### EXERCISE OBJECTIVE
Below are the records; count the lines in which "definition" occurs and report only that number.

### SUPPLIED RECORDS
(* Let $0<|a|<M$. Then $$\{\xi_t<0\}\cap\{\xi\cdot v_{\mathcal H}>0\}\cap K=\emptyset,$$ where $K\subset T^*{\rm M}_{\rm I}\setminus o$ is the trapped set.
   Context: ${\rm M}_{\rm I}=\mathbb R_t\times(r_+,\infty)_r\times\mathbb S^2_{\theta,\varphi}$ is the Kerr exterior in Boyer–Lindquist coordinates with $r_+=M+\sqrt{M^2-a^2}$, $\Delta=r^2-2Mr+a^2$, $\rho^2=r^2+a^2\cos^2\theta$, $\sigma^2=(r^2+a^2)^2-a^2\Delta\sin^2\theta$, and metric $g=-(1-\tfrac{2Mr}{\rho^2})dt^2-\tfrac{4aMr\sin^2\theta}{\rho^2}dt\,d\varphi+\tfrac{\rho^2}{\Delta}dr^2+\rho^2d\theta^2+\tfrac{\sigma^2}{\rho^2}\sin^2\theta\,d\varphi^2$. Covectors are $\xi=\xi_tdt+\xi_rdr+\xi_\theta d\theta+\xi_\varphi d\varphi$, $\tilde\xi=(\xi_t,\xi_r,\xi_\varphi,\xi_\theta)$. Set $G_r=\Delta\xi_r^2-\frac1\Delta((r^2+a^2)\xi_t+a\xi_\varphi)^2$, $G_\theta=\xi_\theta^2+\frac1{\sin^2\theta}(a\sin^2\theta\xi_t+\xi_\varphi)^2$, $G=G_r+G_\theta=\rho^{-2}g^{-1}(\xi,\xi)$. The trapped set is $K=\{G=\partial_rG_r=\xi_r=0,\ \tilde\xi\neq0\}$ (with $\partial_r$ taken at fixed $\xi$). The Killing field $v_{\mathcal H}=\partial_t+\Omega_{\mathcal H}\partial_\varphi$ with $\Omega_{\mathcal H}=a/(r_+^2+a^2)$, so $\xi\cdot v_{\mathcal H}=\xi_t+\Omega_{\mathcal H}\xi_\varphi$ (on the rotation axis $v_{\mathcal H}=\partial_t$ in the regular coordinates $(t,r,x_1,x_2)$, $x_1=\sin\theta\cos\varphi$, $x_2=\sin\theta\sin\varphi$). *)

theory Defs
  imports "HOL-Analysis.Analysis"
begin

text \<open>Kerr exterior quantities in Boyer--Lindquist coordinates.
  Covector components are passed in the order xi_t, xi_r, xi_phi, xi_theta.\<close>

definition r_plus :: "real \<Rightarrow> real \<Rightarrow> real" where
  "r_plus M a = M + sqrt (M\<^sup>2 - a\<^sup>2)"

definition Delta :: "real \<Rightarrow> real \<Rightarrow> real \<Rightarrow> real" where
  "Delta M a r = r\<^sup>2 - 2 * M * r + a\<^sup>2"

definition Omega_H :: "real \<Rightarrow> real \<Rightarrow> real" where
  "Omega_H M a = a / ((r_plus M a)\<^sup>2 + a\<^sup>2)"

definition G_r :: "real \<Rightarrow> real \<Rightarrow> real \<Rightarrow> real \<Rightarrow> real \<Rightarrow> real \<Rightarrow> real" where
  "G_r M a r xi_t xi_r xi_phi =
     Delta M a r * xi_r\<^sup>2 - ((r\<^sup>2 + a\<^sup>2) * xi_t + a * xi_phi)\<^sup>2 / Delta M a r"

definition G_theta :: "real \<Rightarrow> real \<Rightarrow> real \<Rightarrow> real \<Rightarrow> real \<Rightarrow> real" where
  "G_theta a \<theta> xi_t xi_phi xi_theta =
     xi_theta\<^sup>2 + (a * (sin \<theta>)\<^sup>2 * xi_t + xi_phi)\<^sup>2 / (sin \<theta>)\<^sup>2"

definition G :: "real \<Rightarrow> real \<Rightarrow> real \<Rightarrow> real \<Rightarrow> real \<Rightarrow> real \<Rightarrow> real \<Rightarrow> real \<Rightarrow> real" where
  "G M a r \<theta> xi_t xi_r xi_phi xi_theta =
     G_r M a r xi_t xi_r xi_phi + G_theta a \<theta> xi_t xi_phi xi_theta"

text \<open>The trapped set K (t and phi play no role, so points are recorded as
  (r, theta, xi_t, xi_r, xi_phi, xi_theta)); off the rotation axis, 0 < theta < pi.\<close>

definition trapped_set :: "real \<Rightarrow> real \<Rightarrow> (real \<times> real \<times> real \<times> real \<times> real \<times> real) set" where
  "trapped_set M a = {(r, \<theta>, xi_t, xi_r, xi_phi, xi_theta).
      r > r_plus M a \<and> 0 < \<theta> \<and> \<theta> < pi \<and>
      G M a r \<theta> xi_t xi_r xi_phi xi_theta = 0 \<and>
      ((\<lambda>s. G_r M a s xi_t xi_r xi_phi) has_real_derivative 0) (at r) \<and>
      xi_r = 0 \<and>
      (xi_t, xi_r, xi_phi, xi_theta) \<noteq> (0, 0, 0, 0)}"

end

theory Submission
  imports Defs
begin

text \<open>On the trapped set xi_r = 0 and G = \<partial>_r G_r = 0. With the radial frequency
  X(r) = (r^2 + a^2) xi_t + a xi_phi one has G_r = - X^2 / \<Delta>, so X = 0 would force
  G_theta = 0, hence xi_phi = - a sin^2\<theta> xi_t and X = \<rho>^2 xi_t = 0. Thus X \<noteq> 0 and
  \<partial>_r G_r = 0 reduces to 2 r xi_t \<Delta> = X (r - M). Now X(r) = X(r_+) + (r^2 - r_+^2) xi_t
  with X(r_+) = (r_+^2 + a^2) (xi \<cdot> v_H) > 0; multiplying by r - M > 0 and dividing by
  xi_t < 0 gives 2 r \<Delta> < (r^2 - r_+^2)(r - M), whereas
  2 r \<Delta> - (r^2 - r_+^2)(r - M) = (r - r_+)((r - M)^2 + s (r + M)) > 0 with s = sqrt (M^2 - a^2).\<close>

definition radial_frequency :: "real \<Rightarrow> real \<Rightarrow> real \<Rightarrow> real \<Rightarrow> real" where
  "radial_frequency a r xi_t xi_phi = (r\<^sup>2 + a\<^sup>2) * xi_t + a * xi_phi"

lemma r_plus_ge:
  assumes "\<bar>a\<bar> \<le> M"
  shows "M \<le> r_plus M a"
  using assms abs_le_square_iff[of a M] unfolding r_plus_def by simp

lemma Delta_eq_mult:
  assumes "\<bar>a\<bar> \<le> M"
  shows "Delta M a r = (r - r_plus M a) * (r - (M - sqrt (M\<^sup>2 - a\<^sup>2)))"
proof -
  have "a\<^sup>2 \<le> M\<^sup>2" using assms abs_le_square_iff[of a M] by simp
  then have "(sqrt (M\<^sup>2 - a\<^sup>2))\<^sup>2 = M\<^sup>2 - a\<^sup>2" by simp
  then show ?thesis unfolding Delta_def r_plus_def by (simp add: algebra_simps power2_eq_square)
qed

lemma Delta_pos:
  assumes "\<bar>a\<bar> \<le> M" and "r > r_plus M a"
  shows "Delta M a r > 0"
proof -
  have "a\<^sup>2 \<le> M\<^sup>2" using assms(1) abs_le_square_iff[of a M] by simp
  then have "r_plus M a \<ge> M - sqrt (M\<^sup>2 - a\<^sup>2)" unfolding r_plus_def by simp
  with assms show ?thesis by (simp add: Delta_eq_mult)
qed

lemma Delta_trapping_ineq:
  assumes "\<bar>a\<bar> \<le> M" and "r > r_plus M a"
  shows "(r\<^sup>2 - (r_plus M a)\<^sup>2) * (r - M) < 2 * r * Delta M a r"
proof -
  define s where "s = sqrt (M\<^sup>2 - a\<^sup>2)"
  have "s \<ge> 0" unfolding s_def using assms(1) abs_le_square_iff[of a M] by simp
  have r_plus: "r_plus M a = M + s" unfolding r_plus_def s_def ..
  have Delta_r: "Delta M a r = (r - (M + s)) * (r - (M - s))"
    using Delta_eq_mult[OF assms(1)] unfolding r_plus s_def .
  have "2 * r * Delta M a r - (r\<^sup>2 - (r_plus M a)\<^sup>2) * (r - M)
      = (r - r_plus M a) * ((r - M)\<^sup>2 + s * (r + M))"
    unfolding Delta_r r_plus by (simp add: power2_eq_square algebra_simps)
  moreover have "(r - M)\<^sup>2 + s * (r + M) > 0"
    using assms \<open>s \<ge> 0\<close> by (simp add: r_plus add_pos_nonneg)
  ultimately show ?thesis using assms(2) by (smt (verit) mult_pos_pos)
qed

lemma G_r_has_real_derivative:
  assumes "Delta M a r \<noteq> 0"
  shows "((\<lambda>s. G_r M a s xi_t xi_r xi_phi) has_real_derivative
     (2 * r - 2 * M) * xi_r\<^sup>2
     - (4 * r * xi_t * radial_frequency a r xi_t xi_phi * Delta M a r
        - (radial_frequency a r xi_t xi_phi)\<^sup>2 * (2 * r - 2 * M)) / (Delta M a r)\<^sup>2) (at r)"
  using assms unfolding G_r_def Delta_def radial_frequency_def
  apply (intro derivative_eq_intros)
  apply (rule refl)+
  apply simp_all
  apply (simp add: divide_simps)
  apply (simp add: algebra_simps power2_eq_square)
  done

lemma G_theta_eq_0_iff:
  assumes "sin \<theta> \<noteq> 0"
  shows "G_theta a \<theta> xi_t xi_phi xi_theta = 0 \<longleftrightarrow> xi_theta = 0 \<and> xi_phi = - a * (sin \<theta>)\<^sup>2 * xi_t"
proof -
  have "(a * (sin \<theta>)\<^sup>2 * xi_t + xi_phi)\<^sup>2 / (sin \<theta>)\<^sup>2 \<ge> 0" by simp
  then have "G_theta a \<theta> xi_t xi_phi xi_theta = 0 \<longleftrightarrow>
      xi_theta\<^sup>2 = 0 \<and> (a * (sin \<theta>)\<^sup>2 * xi_t + xi_phi)\<^sup>2 / (sin \<theta>)\<^sup>2 = 0"
    unfolding G_theta_def by (smt (verit) zero_le_power2)
  with assms show ?thesis by (auto simp: algebra_simps)
qed

lemma radial_frequency_eq_rho_sq:
  assumes "xi_phi = - a * (sin \<theta>)\<^sup>2 * xi_t"
  shows "radial_frequency a r xi_t xi_phi = (r\<^sup>2 + a\<^sup>2 * (cos \<theta>)\<^sup>2) * xi_t"
  unfolding radial_frequency_def assms by (simp add: sin_squared_eq algebra_simps) (simp add: power2_eq_square)

lemma trapped_set_turning_eq:
  assumes "\<bar>a\<bar> \<le> M" and K: "(r, \<theta>, xi_t, xi_r, xi_phi, xi_theta) \<in> trapped_set M a"
    and "xi_t \<noteq> 0"
  shows "2 * r * xi_t * Delta M a r = radial_frequency a r xi_t xi_phi * (r - M)"
proof -
  define X where "X = radial_frequency a r xi_t xi_phi"
  from K have r: "r > r_plus M a" and "0 < \<theta>" "\<theta> < pi" and xi_r: "xi_r = 0"
    and G0: "G M a r \<theta> xi_t xi_r xi_phi xi_theta = 0"
    and G_r': "((\<lambda>s. G_r M a s xi_t xi_r xi_phi) has_real_derivative 0) (at r)"
    unfolding trapped_set_def by auto
  have sin: "sin \<theta> \<noteq> 0" using \<open>0 < \<theta>\<close> \<open>\<theta> < pi\<close> sin_gt_zero by fastforce
  have Delta: "Delta M a r > 0" using assms(1) r by (rule Delta_pos)
  have "X \<noteq> 0"
  proof
    assume "X = 0"
    then have "G_theta a \<theta> xi_t xi_phi xi_theta = 0"
      using G0 unfolding G_def G_r_def X_def radial_frequency_def xi_r by simp
    then have "X = (r\<^sup>2 + a\<^sup>2 * (cos \<theta>)\<^sup>2) * xi_t"
      unfolding X_def using sin by (simp add: G_theta_eq_0_iff radial_frequency_eq_rho_sq)
    moreover have "r\<^sup>2 + a\<^sup>2 * (cos \<theta>)\<^sup>2 > 0"
      using r r_plus_ge[OF assms(1)] assms(1) by (simp add: add_pos_nonneg)
    ultimately show False using \<open>X = 0\<close> \<open>xi_t \<noteq> 0\<close> by simp
  qed
  have "0 = - (4 * r * xi_t * X * Delta M a r - X\<^sup>2 * (2 * r - 2 * M)) / (Delta M a r)\<^sup>2"
    using DERIV_unique[OF G_r' G_r_has_real_derivative] Delta unfolding X_def xi_r by simp
  then have "X * (2 * r * xi_t * Delta M a r - X * (r - M)) = 0"
    using Delta by (simp add: power2_eq_square algebra_simps)
  with \<open>X \<noteq> 0\<close> show ?thesis unfolding X_def by simp
qed

lemma Omega_H_pairing_pos_iff:
  assumes "a \<noteq> 0"
  shows "xi_t + Omega_H M a * xi_phi > 0 \<longleftrightarrow> radial_frequency a (r_plus M a) xi_t xi_phi > 0"
proof -
  have pos: "(r_plus M a)\<^sup>2 + a\<^sup>2 > 0" using assms by (simp add: add_nonneg_pos)
  then have "(r_plus M a)\<^sup>2 + a\<^sup>2 \<noteq> 0" by linarith
  then have "xi_t + Omega_H M a * xi_phi
      = radial_frequency a (r_plus M a) xi_t xi_phi / ((r_plus M a)\<^sup>2 + a\<^sup>2)"
    unfolding Omega_H_def radial_frequency_def by (simp add: field_simps)
  with pos show ?thesis by (simp add: zero_less_divide_iff)
qed

lemma radial_frequency_horizon_nonpos:
  assumes "\<bar>a\<bar> \<le> M" and r: "r > r_plus M a" and "xi_t < 0"
    and turning: "2 * r * xi_t * Delta M a r = radial_frequency a r xi_t xi_phi * (r - M)"
  shows "radial_frequency a (r_plus M a) xi_t xi_phi \<le> 0"
proof (rule ccontr)
  assume "\<not> ?thesis"
  moreover have "radial_frequency a r xi_t xi_phi
      = radial_frequency a (r_plus M a) xi_t xi_phi + (r\<^sup>2 - (r_plus M a)\<^sup>2) * xi_t"
    unfolding radial_frequency_def by (simp add: algebra_simps)
  ultimately have "radial_frequency a r xi_t xi_phi > (r\<^sup>2 - (r_plus M a)\<^sup>2) * xi_t" by simp
  moreover have "r - M > 0" using r r_plus_ge[OF assms(1)] by simp
  ultimately have "radial_frequency a r xi_t xi_phi * (r - M) > (r\<^sup>2 - (r_plus M a)\<^sup>2) * xi_t * (r - M)"
    by (rule mult_strict_right_mono)
  then have "(2 * r * Delta M a r) * xi_t > ((r\<^sup>2 - (r_plus M a)\<^sup>2) * (r - M)) * xi_t"
    unfolding turning[symmetric] by (simp only: mult_ac)
  then have "2 * r * Delta M a r < (r\<^sup>2 - (r_plus M a)\<^sup>2) * (r - M)"
    using \<open>xi_t < 0\<close> by (simp add: mult_less_cancel_right)
  with Delta_trapping_ineq[OF assms(1) r] show False by simp
qed

theorem lemma6p5:
  fixes M a :: real
  assumes "0 < \<bar>a\<bar>" and "\<bar>a\<bar> < M"
  shows "{(r, \<theta>, xi_t, xi_r, xi_phi, xi_theta). xi_t < 0} \<inter>
         {(r, \<theta>, xi_t, xi_r, xi_phi, xi_theta). xi_t + Omega_H M a * xi_phi > 0} \<inter>
         trapped_set M a = {}"
proof -
  have aM: "\<bar>a\<bar> \<le> M" and "a \<noteq> 0" using assms by auto
  have False if K: "(r, \<theta>, xi_t, xi_r, xi_phi, xi_theta) \<in> trapped_set M a"
    and "xi_t < 0" and "xi_t + Omega_H M a * xi_phi > 0"
    for r \<theta> xi_t xi_r xi_phi xi_theta
  proof -
    have "r > r_plus M a" using K unfolding trapped_set_def by simp
    moreover have "2 * r * xi_t * Delta M a r = radial_frequency a r xi_t xi_phi * (r - M)"
      using trapped_set_turning_eq[OF aM K] \<open>xi_t < 0\<close> by simp
    ultimately have "radial_frequency a (r_plus M a) xi_t xi_phi \<le> 0"
      using radial_frequency_horizon_nonpos[OF aM] \<open>xi_t < 0\<close> by blast
    with \<open>xi_t + Omega_H M a * xi_phi > 0\<close> \<open>a \<noteq> 0\<close> show False
      by (simp add: Omega_H_pairing_pos_iff)
  qed
  then show ?thesis by fastforce
qed

end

### RESULT FOR THIS EXERCISE
8